Below this line is the material. Write out only its lines from the one containing "d) - X n) \<le> k" through the one containing "m - X n) \<le>", both kept, exactly.

START Data in this exercise

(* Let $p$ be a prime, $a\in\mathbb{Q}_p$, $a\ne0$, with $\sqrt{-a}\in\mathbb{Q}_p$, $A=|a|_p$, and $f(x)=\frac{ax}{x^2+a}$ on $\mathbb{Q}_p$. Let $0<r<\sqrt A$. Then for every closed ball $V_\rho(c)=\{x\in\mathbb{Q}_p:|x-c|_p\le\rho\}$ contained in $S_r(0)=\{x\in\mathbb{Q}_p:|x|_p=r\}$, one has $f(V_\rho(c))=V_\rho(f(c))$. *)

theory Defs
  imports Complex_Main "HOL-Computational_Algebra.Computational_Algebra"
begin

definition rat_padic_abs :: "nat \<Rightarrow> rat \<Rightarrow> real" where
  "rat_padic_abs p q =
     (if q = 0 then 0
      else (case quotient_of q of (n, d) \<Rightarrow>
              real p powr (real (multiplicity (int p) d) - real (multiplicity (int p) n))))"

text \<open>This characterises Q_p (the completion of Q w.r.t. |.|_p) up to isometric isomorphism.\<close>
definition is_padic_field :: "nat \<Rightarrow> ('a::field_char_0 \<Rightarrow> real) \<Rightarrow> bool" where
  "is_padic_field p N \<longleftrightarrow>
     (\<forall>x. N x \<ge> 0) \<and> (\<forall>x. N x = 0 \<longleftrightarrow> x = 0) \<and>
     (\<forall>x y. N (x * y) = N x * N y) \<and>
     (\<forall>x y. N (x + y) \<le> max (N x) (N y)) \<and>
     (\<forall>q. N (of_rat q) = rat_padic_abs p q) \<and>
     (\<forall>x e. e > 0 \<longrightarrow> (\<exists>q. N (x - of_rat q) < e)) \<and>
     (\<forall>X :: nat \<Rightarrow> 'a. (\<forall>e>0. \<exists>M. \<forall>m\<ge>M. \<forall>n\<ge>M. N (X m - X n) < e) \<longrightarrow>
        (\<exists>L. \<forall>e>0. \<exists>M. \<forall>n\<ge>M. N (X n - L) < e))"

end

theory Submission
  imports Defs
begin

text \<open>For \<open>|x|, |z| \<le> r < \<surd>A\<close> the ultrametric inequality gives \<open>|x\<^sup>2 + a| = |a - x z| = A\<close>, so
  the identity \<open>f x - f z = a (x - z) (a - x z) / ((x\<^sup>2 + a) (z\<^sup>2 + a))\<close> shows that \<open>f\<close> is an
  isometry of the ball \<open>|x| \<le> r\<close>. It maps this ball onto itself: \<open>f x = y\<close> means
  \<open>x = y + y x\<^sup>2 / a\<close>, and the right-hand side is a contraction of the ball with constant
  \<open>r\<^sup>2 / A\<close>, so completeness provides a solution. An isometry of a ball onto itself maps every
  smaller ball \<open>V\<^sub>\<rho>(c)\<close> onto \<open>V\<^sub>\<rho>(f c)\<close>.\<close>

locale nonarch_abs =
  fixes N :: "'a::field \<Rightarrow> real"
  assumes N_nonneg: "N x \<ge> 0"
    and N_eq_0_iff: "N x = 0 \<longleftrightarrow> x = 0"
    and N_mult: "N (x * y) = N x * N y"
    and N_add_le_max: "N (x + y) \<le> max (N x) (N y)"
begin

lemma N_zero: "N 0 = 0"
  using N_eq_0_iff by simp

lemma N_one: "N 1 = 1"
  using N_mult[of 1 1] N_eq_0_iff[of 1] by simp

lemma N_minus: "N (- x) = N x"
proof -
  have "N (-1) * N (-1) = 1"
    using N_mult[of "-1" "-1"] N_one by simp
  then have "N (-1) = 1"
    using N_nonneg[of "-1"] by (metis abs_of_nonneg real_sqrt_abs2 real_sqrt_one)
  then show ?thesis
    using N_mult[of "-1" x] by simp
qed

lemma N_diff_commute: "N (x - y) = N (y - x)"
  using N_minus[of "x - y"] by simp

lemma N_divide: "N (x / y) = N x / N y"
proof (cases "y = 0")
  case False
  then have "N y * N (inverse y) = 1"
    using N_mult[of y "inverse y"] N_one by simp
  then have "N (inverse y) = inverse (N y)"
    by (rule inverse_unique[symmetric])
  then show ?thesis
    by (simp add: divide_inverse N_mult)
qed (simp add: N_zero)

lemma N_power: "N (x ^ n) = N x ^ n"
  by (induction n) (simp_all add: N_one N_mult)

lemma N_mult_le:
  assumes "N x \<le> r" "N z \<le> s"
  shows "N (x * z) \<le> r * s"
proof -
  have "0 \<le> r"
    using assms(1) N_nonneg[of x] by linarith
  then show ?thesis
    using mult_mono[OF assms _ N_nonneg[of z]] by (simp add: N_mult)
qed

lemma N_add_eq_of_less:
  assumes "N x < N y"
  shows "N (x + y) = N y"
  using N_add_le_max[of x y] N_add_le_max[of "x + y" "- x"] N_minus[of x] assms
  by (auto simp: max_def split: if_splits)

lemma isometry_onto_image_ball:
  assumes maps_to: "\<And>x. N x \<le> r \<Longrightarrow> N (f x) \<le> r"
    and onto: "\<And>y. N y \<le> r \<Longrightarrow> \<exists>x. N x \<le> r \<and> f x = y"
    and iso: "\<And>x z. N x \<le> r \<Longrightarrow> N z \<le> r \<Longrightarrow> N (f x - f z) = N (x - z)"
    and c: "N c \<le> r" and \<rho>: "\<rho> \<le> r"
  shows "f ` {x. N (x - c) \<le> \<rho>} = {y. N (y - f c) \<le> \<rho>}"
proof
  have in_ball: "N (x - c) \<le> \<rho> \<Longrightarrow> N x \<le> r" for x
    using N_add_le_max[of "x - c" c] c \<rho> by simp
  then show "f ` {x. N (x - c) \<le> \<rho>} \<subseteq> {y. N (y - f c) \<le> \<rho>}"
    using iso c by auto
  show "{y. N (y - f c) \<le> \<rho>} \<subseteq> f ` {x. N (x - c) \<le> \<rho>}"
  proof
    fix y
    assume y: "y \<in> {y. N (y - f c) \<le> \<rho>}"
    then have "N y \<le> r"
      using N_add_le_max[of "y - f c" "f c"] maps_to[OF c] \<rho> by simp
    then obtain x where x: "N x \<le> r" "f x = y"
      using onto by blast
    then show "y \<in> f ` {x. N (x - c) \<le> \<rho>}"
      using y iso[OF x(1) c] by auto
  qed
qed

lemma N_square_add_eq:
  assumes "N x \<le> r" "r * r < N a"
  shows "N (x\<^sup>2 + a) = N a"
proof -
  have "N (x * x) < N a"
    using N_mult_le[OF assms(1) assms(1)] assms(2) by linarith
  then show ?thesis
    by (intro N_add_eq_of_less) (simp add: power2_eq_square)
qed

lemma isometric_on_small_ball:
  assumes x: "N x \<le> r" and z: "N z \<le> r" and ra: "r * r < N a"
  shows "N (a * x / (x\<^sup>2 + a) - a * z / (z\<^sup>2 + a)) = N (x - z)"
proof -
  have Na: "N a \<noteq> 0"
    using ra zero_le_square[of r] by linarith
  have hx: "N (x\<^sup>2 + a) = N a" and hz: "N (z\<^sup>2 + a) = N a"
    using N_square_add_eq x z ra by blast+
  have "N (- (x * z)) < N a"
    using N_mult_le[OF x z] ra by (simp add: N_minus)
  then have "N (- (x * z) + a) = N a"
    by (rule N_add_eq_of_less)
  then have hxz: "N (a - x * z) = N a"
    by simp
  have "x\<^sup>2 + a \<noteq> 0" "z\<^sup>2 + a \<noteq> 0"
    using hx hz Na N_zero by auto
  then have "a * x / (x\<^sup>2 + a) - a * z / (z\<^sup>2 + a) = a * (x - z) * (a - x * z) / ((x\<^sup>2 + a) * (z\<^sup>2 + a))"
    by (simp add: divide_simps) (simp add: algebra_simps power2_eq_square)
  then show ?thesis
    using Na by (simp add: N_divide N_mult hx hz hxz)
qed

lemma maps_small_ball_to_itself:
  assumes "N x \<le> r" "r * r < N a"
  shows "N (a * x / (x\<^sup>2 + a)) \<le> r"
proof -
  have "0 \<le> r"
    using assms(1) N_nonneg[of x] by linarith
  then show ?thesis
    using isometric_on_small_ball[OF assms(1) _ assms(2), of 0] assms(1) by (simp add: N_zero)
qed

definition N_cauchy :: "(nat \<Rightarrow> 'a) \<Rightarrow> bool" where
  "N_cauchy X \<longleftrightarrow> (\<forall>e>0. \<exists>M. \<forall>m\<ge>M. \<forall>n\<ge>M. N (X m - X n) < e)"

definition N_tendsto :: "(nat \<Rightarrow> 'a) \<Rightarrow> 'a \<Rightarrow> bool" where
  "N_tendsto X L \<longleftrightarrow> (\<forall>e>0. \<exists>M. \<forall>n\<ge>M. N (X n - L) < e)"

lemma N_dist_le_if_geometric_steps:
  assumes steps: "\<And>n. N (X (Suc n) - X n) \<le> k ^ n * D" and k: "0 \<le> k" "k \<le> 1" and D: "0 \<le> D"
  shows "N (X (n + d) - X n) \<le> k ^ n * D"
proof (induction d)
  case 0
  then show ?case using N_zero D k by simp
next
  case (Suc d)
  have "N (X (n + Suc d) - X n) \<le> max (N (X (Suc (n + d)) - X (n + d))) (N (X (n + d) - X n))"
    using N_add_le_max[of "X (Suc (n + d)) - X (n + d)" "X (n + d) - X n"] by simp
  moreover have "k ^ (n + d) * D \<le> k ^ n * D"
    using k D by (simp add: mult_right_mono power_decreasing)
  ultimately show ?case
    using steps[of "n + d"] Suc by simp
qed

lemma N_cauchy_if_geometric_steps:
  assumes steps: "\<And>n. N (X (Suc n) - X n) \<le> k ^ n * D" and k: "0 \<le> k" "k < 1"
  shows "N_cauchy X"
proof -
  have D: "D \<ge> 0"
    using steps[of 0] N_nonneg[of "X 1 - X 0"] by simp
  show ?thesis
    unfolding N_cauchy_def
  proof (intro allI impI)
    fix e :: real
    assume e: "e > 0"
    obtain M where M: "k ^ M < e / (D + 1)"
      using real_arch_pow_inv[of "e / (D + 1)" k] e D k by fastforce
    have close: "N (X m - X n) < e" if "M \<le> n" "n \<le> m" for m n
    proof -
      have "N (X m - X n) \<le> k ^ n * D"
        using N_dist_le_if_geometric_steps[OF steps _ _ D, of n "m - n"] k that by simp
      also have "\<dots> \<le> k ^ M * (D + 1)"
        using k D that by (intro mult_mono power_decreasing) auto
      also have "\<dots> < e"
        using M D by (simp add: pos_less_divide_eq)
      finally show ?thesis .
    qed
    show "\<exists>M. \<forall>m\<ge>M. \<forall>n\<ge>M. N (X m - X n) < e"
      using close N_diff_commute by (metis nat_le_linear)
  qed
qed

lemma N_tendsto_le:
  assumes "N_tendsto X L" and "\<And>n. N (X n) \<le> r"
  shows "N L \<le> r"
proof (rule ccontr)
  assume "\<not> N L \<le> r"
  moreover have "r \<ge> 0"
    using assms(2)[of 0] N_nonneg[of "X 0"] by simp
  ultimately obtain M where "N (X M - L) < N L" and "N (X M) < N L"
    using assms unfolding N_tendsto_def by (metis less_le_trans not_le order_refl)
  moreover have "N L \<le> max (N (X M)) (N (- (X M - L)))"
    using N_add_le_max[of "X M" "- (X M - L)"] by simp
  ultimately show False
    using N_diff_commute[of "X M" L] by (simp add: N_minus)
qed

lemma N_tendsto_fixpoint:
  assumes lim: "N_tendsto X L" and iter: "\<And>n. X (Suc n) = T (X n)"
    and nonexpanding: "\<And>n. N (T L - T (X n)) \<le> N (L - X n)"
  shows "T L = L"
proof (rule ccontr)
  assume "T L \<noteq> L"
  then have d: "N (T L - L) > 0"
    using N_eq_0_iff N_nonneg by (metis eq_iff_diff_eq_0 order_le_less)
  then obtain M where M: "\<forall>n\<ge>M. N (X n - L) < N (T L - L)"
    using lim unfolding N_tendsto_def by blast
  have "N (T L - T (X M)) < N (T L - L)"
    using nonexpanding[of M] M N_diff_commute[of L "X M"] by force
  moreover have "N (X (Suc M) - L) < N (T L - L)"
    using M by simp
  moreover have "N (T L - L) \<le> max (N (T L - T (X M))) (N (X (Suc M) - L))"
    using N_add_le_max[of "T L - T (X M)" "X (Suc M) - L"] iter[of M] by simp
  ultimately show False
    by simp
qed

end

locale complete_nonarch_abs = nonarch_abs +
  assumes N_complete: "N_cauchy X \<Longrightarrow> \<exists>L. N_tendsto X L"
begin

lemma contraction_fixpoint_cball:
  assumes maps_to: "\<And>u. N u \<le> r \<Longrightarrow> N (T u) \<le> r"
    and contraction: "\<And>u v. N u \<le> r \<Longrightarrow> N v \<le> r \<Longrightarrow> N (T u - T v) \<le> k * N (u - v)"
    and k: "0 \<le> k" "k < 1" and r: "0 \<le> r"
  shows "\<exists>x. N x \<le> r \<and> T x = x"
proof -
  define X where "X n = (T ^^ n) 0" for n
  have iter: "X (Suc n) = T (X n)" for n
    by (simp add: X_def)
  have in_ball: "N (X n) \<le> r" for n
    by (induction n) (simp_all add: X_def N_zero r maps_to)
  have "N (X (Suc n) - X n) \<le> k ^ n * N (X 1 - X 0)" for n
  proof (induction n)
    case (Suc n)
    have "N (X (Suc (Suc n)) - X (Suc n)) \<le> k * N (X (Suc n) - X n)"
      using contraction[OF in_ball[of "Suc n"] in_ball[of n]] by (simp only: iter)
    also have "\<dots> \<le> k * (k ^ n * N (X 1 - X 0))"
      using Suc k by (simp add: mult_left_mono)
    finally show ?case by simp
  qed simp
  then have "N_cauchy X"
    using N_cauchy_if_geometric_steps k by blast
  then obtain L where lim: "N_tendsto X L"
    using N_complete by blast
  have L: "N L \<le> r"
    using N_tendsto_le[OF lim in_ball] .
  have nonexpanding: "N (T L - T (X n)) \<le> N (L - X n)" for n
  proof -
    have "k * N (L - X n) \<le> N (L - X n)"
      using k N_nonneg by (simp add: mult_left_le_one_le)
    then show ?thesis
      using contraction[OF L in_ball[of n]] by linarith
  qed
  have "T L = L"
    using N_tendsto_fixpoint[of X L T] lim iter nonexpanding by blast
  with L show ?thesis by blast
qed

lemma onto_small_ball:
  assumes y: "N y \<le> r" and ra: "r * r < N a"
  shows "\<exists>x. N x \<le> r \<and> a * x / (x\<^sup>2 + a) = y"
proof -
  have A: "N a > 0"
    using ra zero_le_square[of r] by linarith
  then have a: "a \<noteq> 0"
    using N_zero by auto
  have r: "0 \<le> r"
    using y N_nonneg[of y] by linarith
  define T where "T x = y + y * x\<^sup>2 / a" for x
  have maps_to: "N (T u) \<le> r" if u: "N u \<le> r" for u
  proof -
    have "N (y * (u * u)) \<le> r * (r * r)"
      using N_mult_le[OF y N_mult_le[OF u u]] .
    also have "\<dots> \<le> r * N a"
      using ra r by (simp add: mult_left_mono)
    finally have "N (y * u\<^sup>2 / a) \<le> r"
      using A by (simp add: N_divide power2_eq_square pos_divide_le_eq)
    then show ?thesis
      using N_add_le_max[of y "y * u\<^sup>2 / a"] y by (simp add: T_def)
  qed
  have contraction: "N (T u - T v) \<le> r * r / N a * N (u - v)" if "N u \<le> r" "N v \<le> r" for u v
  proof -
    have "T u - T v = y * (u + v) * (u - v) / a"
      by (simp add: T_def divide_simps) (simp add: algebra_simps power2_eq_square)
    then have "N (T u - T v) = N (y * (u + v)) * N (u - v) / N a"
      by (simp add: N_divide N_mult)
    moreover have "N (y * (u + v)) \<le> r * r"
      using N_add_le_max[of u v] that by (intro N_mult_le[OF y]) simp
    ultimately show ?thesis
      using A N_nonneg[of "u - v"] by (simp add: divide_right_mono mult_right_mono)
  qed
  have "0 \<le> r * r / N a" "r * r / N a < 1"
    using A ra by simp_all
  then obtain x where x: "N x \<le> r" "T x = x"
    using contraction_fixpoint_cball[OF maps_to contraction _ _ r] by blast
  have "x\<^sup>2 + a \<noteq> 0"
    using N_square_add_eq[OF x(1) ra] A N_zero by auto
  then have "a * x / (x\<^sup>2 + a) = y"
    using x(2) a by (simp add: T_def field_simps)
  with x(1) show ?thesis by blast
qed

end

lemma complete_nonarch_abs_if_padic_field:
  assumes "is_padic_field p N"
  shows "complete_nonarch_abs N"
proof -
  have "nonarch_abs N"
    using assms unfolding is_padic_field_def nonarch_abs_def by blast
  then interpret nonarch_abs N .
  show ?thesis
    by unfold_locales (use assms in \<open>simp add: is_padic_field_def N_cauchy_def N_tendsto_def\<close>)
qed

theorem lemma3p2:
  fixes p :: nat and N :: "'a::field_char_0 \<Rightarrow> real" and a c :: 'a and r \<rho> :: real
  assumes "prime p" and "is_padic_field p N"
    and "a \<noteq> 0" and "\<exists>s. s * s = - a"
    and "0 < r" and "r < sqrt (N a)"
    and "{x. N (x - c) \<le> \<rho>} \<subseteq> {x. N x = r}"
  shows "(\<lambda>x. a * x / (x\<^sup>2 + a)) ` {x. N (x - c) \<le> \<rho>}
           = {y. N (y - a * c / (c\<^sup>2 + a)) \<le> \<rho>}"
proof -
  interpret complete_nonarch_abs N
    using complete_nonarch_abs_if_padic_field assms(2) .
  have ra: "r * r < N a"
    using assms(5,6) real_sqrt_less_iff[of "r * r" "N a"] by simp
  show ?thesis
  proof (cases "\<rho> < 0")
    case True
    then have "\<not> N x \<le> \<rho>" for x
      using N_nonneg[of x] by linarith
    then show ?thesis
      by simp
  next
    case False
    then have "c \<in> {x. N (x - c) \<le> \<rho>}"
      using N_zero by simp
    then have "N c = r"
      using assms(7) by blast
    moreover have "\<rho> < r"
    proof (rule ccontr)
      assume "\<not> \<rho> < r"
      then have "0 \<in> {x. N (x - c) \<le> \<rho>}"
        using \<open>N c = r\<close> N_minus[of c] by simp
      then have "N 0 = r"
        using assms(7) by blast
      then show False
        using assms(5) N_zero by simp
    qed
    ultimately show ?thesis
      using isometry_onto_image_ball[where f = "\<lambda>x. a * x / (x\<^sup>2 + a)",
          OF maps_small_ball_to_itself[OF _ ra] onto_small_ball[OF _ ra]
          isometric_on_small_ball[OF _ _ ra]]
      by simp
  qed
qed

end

END Data in this exercise

**Response:**
  shows "N (X (n + d) - X n) \<le> k ^ n * D"
proof (induction d)
  case 0
  then show ?case using N_zero D k by simp
next
  case (Suc d)
  have "N (X (n + Suc d) - X n) \<le> max (N (X (Suc (n + d)) - X (n + d))) (N (X (n + d) - X n))"
    using N_add_le_max[of "X (Suc (n + d)) - X (n + d)" "X (n + d) - X n"] by simp
  moreover have "k ^ (n + d) * D \<le> k ^ n * D"
    using k D by (simp add: mult_right_mono power_decreasing)
  ultimately show ?case
    using steps[of "n + d"] Suc by simp
qed

lemma N_cauchy_if_geometric_steps:
  assumes steps: "\<And>n. N (X (Suc n) - X n) \<le> k ^ n * D" and k: "0 \<le> k" "k < 1"
  shows "N_cauchy X"
proof -
  have D: "D \<ge> 0"
    using steps[of 0] N_nonneg[of "X 1 - X 0"] by simp
  show ?thesis
    unfolding N_cauchy_def
  proof (intro allI impI)
    fix e :: real
    assume e: "e > 0"
    obtain M where M: "k ^ M < e / (D + 1)"
      using real_arch_pow_inv[of "e / (D + 1)" k] e D k by fastforce
    have close: "N (X m - X n) < e" if "M \<le> n" "n \<le> m" for m n
    proof -
      have "N (X m - X n) \<le> k ^ n * D"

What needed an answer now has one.